Nobody ever bitched about having too much ammo in a shoot-out.

“If I might continue?”

Wink offered a theatrical shrug and a shit-eating grin.
Don’t mind me.

“Our client is named Ramal, he’s the Rajah of New Mumbai. His daughter, Indira, has apparently been kidnapped by a person or persons undetermined. Our mission is get her back, preferably alive. Which means we’ll have to figure out who took her first.”

“Ransom demand?” That from Gunny.

“Not thus far. The political situation is mostly fine, but at a continental level is apparently less than copacetic. There are several…rajahnates? rajahdoms? that run most of what goes on on-planet. They don’t all get along. Plus the usual malcontent insurgents, who would seem to be the obvious suspects.

“Indira is engaged to be wed in the next month, they are big on single-partner, different-sex coupling locally, a major celebration attached, and this has put a crimp in those plans.”

“We sure she didn’t just run off?” Gunny asked. “No ransom demand, how do we know she was kidnapped? Some of these old-style societies still go in for arranged marriages and such. Maybe she didn’t want to connect with her mate-to-be?”

“That has to be considered,” Jo said. “We haven’t seen all their data yet.”

Kluth
fem made a sharp tongue-click sound.

“Kay? Something?”

The Vastalimi said, “If the female’s departure was voluntary, are we obligated to return her if we locate her?”

“No. She is an adult by local and GU standards. If she left on her own and we find her, we report that to our client. Up to them to work that out.”

Kay chirred. There came a pleasant, faint musky odor, a pheromone that Vastalimi females sometimes emitted when they were pleased.
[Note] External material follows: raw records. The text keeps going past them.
lemma Gset_energy_lower_bound:
  fixes \<Omega> :: "'a::euclidean_space set"
  assumes \<Omega>: "\<Omega> \<in> sets lebesgue" and u: "u \<in> Gset \<Omega> f c"
    and fcont: "continuous_on UNIV f" and f0: "f 0 = 0" and \<alpha>: "2 < \<alpha>"
    and AR: "\<forall>u. u \<noteq> 0 \<longrightarrow> 0 < \<alpha> * prim f u \<and> \<alpha> * prim f u \<le> f u * u \<and> f u * u \<le> \<beta> * prim f u"
  shows "(1/2 - 1 / (real DIM('a) * (\<alpha> / 2 - 1))) * dirichlet \<Omega> u \<le> energy \<Omega> f u"
proof -
  define N where "N = real DIM('a)"
  define m where "m = N * (\<alpha> / 2 - 1)"
  define D where "D = dirichlet \<Omega> u"
  define A where "A = (\<integral>x. fplus f (u x) * max (u x) 0 \<partial>lebesgue_on \<Omega>)"
  define B where "B = (\<integral>x. Fplus f (u x) \<partial>lebesgue_on \<Omega>)"
  have m: "0 < m" using \<alpha> by (simp add: m_def N_def)
  have "square_integrable (lebesgue_on \<Omega>) u"
    using u by (simp add: Gset_def Sc_plus_def H01_square_integrable[OF \<Omega>])
  then have [measurable]: "u \<in> borel_measurable (lebesgue_on \<Omega>)" by (simp add: square_integrable_def)
  have [measurable]: "fplus f \<in> borel_measurable borel" by (rule borel_measurable_fplus[OF fcont])
  note bounds = Fplus_bounds[OF f0 _ AR]
  have "\<alpha> * B \<le> A" unfolding A_def B_def
    by (rule integral_mult_le_of_bounds[where b = \<beta>]) (use \<alpha> bounds in auto)
  have "m * B = N / 2 * (\<alpha> * B) - N * B" by (simp add: m_def algebra_simps)
  also have "\<dots> \<le> N / 2 * A - N * B"
    using \<open>\<alpha> * B \<le> A\<close> by (simp add: N_def mult_left_mono)
  also have "\<dots> < D"
    using u unfolding Gset_def A_def B_def D_def N_def set_integral_eq_restrict_space[OF \<Omega>] by blast
  finally have "m * B < D" .
  then have "B \<le> D / m" using m by (simp add: field_simps)
  moreover have "energy \<Omega> f u = D / 2 - B"
    unfolding energy_def D_def B_def set_integral_eq_restrict_space[OF \<Omega>] ..
  moreover have "(1/2 - 1 / m) * D = D / 2 - D / m" by (simp add: algebra_simps)
  ultimately show ?thesis unfolding D_def[symmetric] m_def[symmetric] N_def[symmetric] by linarith
qed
They had had some interesting moral codes, the Vastalimi. Apparently on Kay’s homeworld, females had been held more or less in thrall until the last hundred years or so. The females finally got tired of it. There had been a short and fairly bloodless revolution. Females refused en masse to have sex with the males. Any male who attempted rape was hunted down by cadres of females and castrated.

At some point, the males saw the light. Which probably made them a little smarter than human males, she figured, who still tended to think of themselves as God’s gift to women…

The female Vastalimi were still touchy about such things. If Indira had left on her own, and somebody wanted to make her come back, Kay wouldn’t have any part of that. Or maybe she’d get in somebody’s way, a not-inconsiderable obstacle. It was good to have a Vastalimi as your friend, bad to have one as an enemy.

Jo glanced at Cutter. “Colonel?”

Rags said, “Jo has pretty much covered it, but my contact inside TotalMart has let me know that local biz folk tend to be insular and suspicious of outsiders. Oh—and the GU Army’s Ex-Tee-J-Corps has a base in New Mumbai, just outside the capital city.”

There came a chorus of groans at that. XTJC fielded some good officers and troops, but in Jo’s experience, they also always had more than their share of total assholes. Most GU military didn’t have any use for mercenary cadres, but Jaycore
really
didn’t like them. She’d never met anybody in any of those units who called the Cutters anything other than “cutthroats.”

A couple of times, she had come close to pulling a blade, and offering, “You mean like this?”

“You know the drill, people. Live with it,” Rags said.
“With any good luck, we’ll be in and out of there in a hurry, and spending our bonuses during a nice thirty-day liberty.”